In creating her show, Crossley not only keeps in mind from what knowledge base people are coming from but also from what experience. While many panels around politics and culture often cycle through very visible experts, or as Crossley calls them the usual suspects, for “Under the Radar,” she works to curate a wide net of speakers and experts.
“It doesn’t make sense to use the same four people. That’s just lazy. So we’re not going to do that. So right away a couple of things happened. Right away, you get more women, persons of color because they aren’t part of the usual five. And I want to be clear, there’s nothing wrong with the usual suspects! They’re great! They’re just overused, and you can use someone else. What sometimes is even equally frustrating because the usual suspects have tried to tell people to use other people, saying ‘hey, have you tried my colleague’ and gotten ‘no. we want you.’ But that’s not my thing.”
Crossley smiles, remembering one anecdote in the process of requesting speakers. “I laugh because I had an interesting conversation with a guy who called in. We had been trying to reach out to a woman who was head of this thing, she was going to get back to us and the next thing we know he’s calling back saying, ‘Oh, she told me what you were talking about and she said, you know, that I was probably the best person to do it.’ So my producer said to me, ‘What should I do?’ and I said ‘Call him back and tell him, no, thank you, I knew who I asked for.’ And he was highly offended. Then he thought he was doing himself a favor of listing where he had been interviewed many times, so I wrote back, ‘This is exactly why I was not interested in having you. You’re not following me.’”

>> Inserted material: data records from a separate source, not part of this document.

lemma harm_odd_Suc:
  "harm (1 + 2*Suc k) - harm (1 + 2*k) = inverse (2*real k + 2) + inverse (2*real k + 3 :: real)"
proof -
  have "1 + 2*Suc k = Suc (Suc (1 + 2*k))" by simp
  then show ?thesis by (simp add: harm_Suc algebra_simps)
qed

text \<open>With \<open>T = (-1/4)\<^sup>k\<^sup>+\<^sup>1 C(n+1,k+1)\<close>, \<open>z = C(2k+3,k+1)\<close>, \<open>w = C(2k+2,k+1)\<close>.\<close>

lemma harm_cert_diff_identity:
  fixes k T z w i1 i2 :: real
  assumes "z*(k+2) = (2*k+3)*w" and "(2*k+2)*i1 = 1" and "(2*k+3)*i2 = 1"
  shows "-2*((1+k)^2 - 1)*(T*z*(1+k))*(i1 + i2) = - (T*w*(1+k-1)*(4*(1+k)+1))"
  using assms by algebra

lemma harm_cert_times_harm_diff:
  "harm_cert n (Suc k) * (harm (1 + 2*Suc k) - harm (1 + 2*k)) = - central_sum_term (Suc n) (Suc k)"
proof -
  have "real ((1 + 2*Suc k) choose Suc k) * (real k + 2) = (2*real k + 3) * real (2*Suc k choose Suc k)"
    using odd_central_binomial[of "Suc k"] by (simp add: algebra_simps)
  moreover have "(2*real k + 2) * inverse (2*real k + 2) = 1" "(2*real k + 3) * inverse (2*real k + 3) = 1"
    by (simp_all add: add_pos_pos)
  ultimately show ?thesis
    unfolding harm_odd_Suc harm_cert_def harm_sum_term_def central_sum_term_def of_nat_Suc
    by (rule harm_cert_diff_identity)
qed

lemma harm_sum_rec:
  "2*real n*(real n+2) * harm_sum (Suc n) - (2*real n-1)*(real n+1) * harm_sum n = central_sum (Suc n) + 1"
proof -
  define h :: "nat \<Rightarrow> real" where "h k = harm (1 + 2*k)" for k
  have S: "harm_sum n = (\<Sum>k=0..Suc n. harm_sum_term n k * h k)"
    by (simp add: harm_sum_def h_def harm_sum_term_def)
  have S': "harm_sum (Suc n) = (\<Sum>k=0..Suc n. harm_sum_term (Suc n) k * h k)"
    by (simp add: harm_sum_def h_def)
  have boundary: "harm_cert n (Suc (Suc n)) = 0" "harm_cert n 0 = 0"
    by (simp_all add: harm_cert_def harm_sum_term_def)
  have "2*real n*(real n+2) * harm_sum (Suc n) - (2*real n-1)*(real n+1) * harm_sum n
      = (\<Sum>k=0..Suc n. (harm_cert n (Suc k) - harm_cert n k) * h k)"
    unfolding S S' sum_distrib_left sum_subtractf[symmetric] harm_cert_telescopes[symmetric]
    by (rule sum.cong) (simp_all add: algebra_simps)
  also have "\<dots> = - (\<Sum>k=0..Suc n. harm_cert n (Suc k) * (h (Suc k) - h k))"
    unfolding sum_by_parts_telescoping boundary by simp
  also have "\<dots> = (\<Sum>k=0..Suc n. central_sum_term (Suc n) (Suc k))"
    unfolding h_def harm_cert_times_harm_diff sum_negf by simp
  also have "\<dots> = (\<Sum>j=0..Suc (Suc n). central_sum_term (Suc n) j) - central_sum_term (Suc n) 0"
    by (simp only: sum.atLeast0_atMost_Suc_shift[of _ "Suc n"]) simp
  also have "\<dots> = central_sum (Suc n) + 1"
    by (simp add: central_sum_def central_sum_term_def)
  finally show ?thesis .
qed

definition harm_sum_closed :: "nat \<Rightarrow> real" where
  "harm_sum_closed n = 3 * real n / (2^(1 + 2*n) * (1 - 4 * (real n)^2)) * real ((1 + 2*n) choose n)
           * (3 * harm n - 4 * harm (1 + 2*n) - 16 * real n / (1 - 4 * (real n)^2)
              - (2 - 14 * real n) / (3 * real n))
         + 1 / (1 + real n)"

lemma harm_sum_closed_rec:
  assumes "n \<ge> 1"
  shows "2*real n*(real n+2) * harm_sum_closed (Suc n) - (2*real n-1)*(real n+1) * harm_sum_closed n
       = central_sum (Suc n) + 1"
proof -
  define r x y B P where "r = real n" and "x = (harm n :: real)" and "y = (harm (1 + 2*n) :: real)"
    and "B = real ((1 + 2*n) choose n)" and "P = (2::real)^(1 + 2*n)"
  have r: "r \<ge> 1" "P > 0" using assms by (simp_all add: r_def P_def)
  have nz: "1 - 4*r^2 \<noteq> 0" "1 - 4*(1 + r)^2 \<noteq> 0" "2*r - 1 \<noteq> 0" "2*r + 3 \<noteq> 0"
  proof -
    have "r^2 \<ge> 1" using r by (simp add: one_le_power)
    then show "1 - 4*r^2 \<noteq> 0" "1 - 4*(1 + r)^2 \<noteq> 0" "2*r - 1 \<noteq> 0" "2*r + 3 \<noteq> 0"
      using r by (simp_all add: power2_eq_square algebra_simps)
  qed
  have R': "harm_sum_closed (Suc n) = 3*(1 + r)/(4*P*(1 - 4*(1 + r)^2)) * (2*(2*r + 3)*B/(r + 2))
      * (3*(x + inverse (1 + r)) - 4*(y + inverse (2*r + 2) + inverse (2*r + 3))
         - 16*(1 + r)/(1 - 4*(1 + r)^2) - (2 - 14*(1 + r))/(3*(1 + r))) + 1/(1 + (1 + r))"
  proof -
    have "real ((1 + 2*Suc n) choose Suc n) = 2*(2*r + 3)*B/(r + 2)"
      using odd_central_binomial_Suc[of n] by (simp add: r_def B_def field_simps)
    moreover have "harm (1 + 2*Suc n) = y + inverse (2*r + 2) + inverse (2*r + 3)"
      using harm_odd_Suc[of n] by (simp add: y_def r_def)
    moreover have "(2::real)^(1 + 2*Suc n) = 4*P" by (simp add: P_def)
    ultimately show ?thesis
      unfolding harm_sum_closed_def harm_Suc of_nat_Suc r_def[symmetric] x_def[symmetric] by simp
  qed
  have R: "harm_sum_closed n = 3*r/(P*(1 - 4*r^2)) * B * (3*x - 4*y - 16*r/(1 - 4*r^2)
      - (2 - 14*r)/(3*r)) + 1/(1 + r)"
    by (simp add: harm_sum_closed_def r_def x_def y_def B_def P_def)
  have U: "central_sum (Suc n)
      = 2*B*(6*(1 + r)^2 - (1 + r) - 3) / ((2*(1 + r) - 3)*(2*(1 + r) - 1)*(2*P))"
  proof -
    have pow: "(4::real)^Suc n = 2*P" by (simp add: P_def power_mult)
    show ?thesis
      unfolding central_sum_eq central_binomial_Suc of_nat_Suc r_def[symmetric] B_def[symmetric] pow ..
  qed
  have nz': "2*(1 + r) - 3 \<noteq> 0" "2*(1 + r) - 1 \<noteq> 0" "r \<noteq> 0" "r + 2 \<noteq> 0" "1 + r \<noteq> 0"
    "2*r + 2 \<noteq> 0" "1 + (1 + r) \<noteq> 0" using r by simp_all
  show ?thesis
    unfolding r_def[symmetric] R R' U using r(2) nz nz'
    by (simp add: divide_simps) (simp add: algebra_simps power2_eq_square)
qed

lemma harm_sum_eq_closed: "n \<ge> 1 \<Longrightarrow> harm_sum n = harm_sum_closed n"
proof (induction n rule: nat_induct_at_least)
  case base
  have harm_3: "harm 3 = (11/6::real)"
    by (simp add: harm_def numeral_3_eq_3)
  have "harm_sum 1 = -11/8"
    by (simp add: harm_sum_def harm_sum_term_def harm_3)
  moreover have "harm_sum_closed 1 = -11/8"
    by (simp add: harm_sum_closed_def harm_expand harm_3[unfolded numeral_3_eq_3])
  ultimately show ?case by (rule trans[OF _ sym])
next
  case (Suc n)
  have "2*real n*(real n+2) * harm_sum (Suc n) = 2*real n*(real n+2) * harm_sum_closed (Suc n)"
    using harm_sum_rec[of n, unfolded Suc.IH] harm_sum_closed_rec[OF Suc.hyps] by linarith
  moreover have "2*real n*(real n+2) \<noteq> 0" using Suc.hyps by simp
  ultimately show ?case by simp
qed

theorem theorem11:
  fixes n :: nat
  assumes "n \<ge> 1"
  shows "(\<Sum>k=0..n. (-1/4::real)^k * real (n choose k) * real ((1 + 2*k) choose k)
            * real k * harm (1 + 2*k))
       = 3 * real n / (2^(1 + 2*n) * (1 - 4 * (real n)^2)) * real ((1 + 2*n) choose n)
           * (3 * harm n - 4 * harm (1 + 2*n) - 16 * real n / (1 - 4 * (real n)^2)
              - (2 - 14 * real n) / (3 * real n))
         + 1 / (1 + real n)"
  using harm_sum_eq_closed[OF assms] by (simp only: harm_sum_def harm_sum_term_def harm_sum_closed_def)

end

This acknowledgment of those overlooked by the mainstream has benefitted Crossley and her work, setting her and her show apart from the abundance of content. “It is very intentional. That’s the word you’ll hear around conversations of inclusion and diversity, and that is why I am very professionally intentional about this. That doesn’t mean I don’t have all kind of folks on, but when you focus on who you haven’t been hearing from it really opens up your world. It certainly has opened up my world.”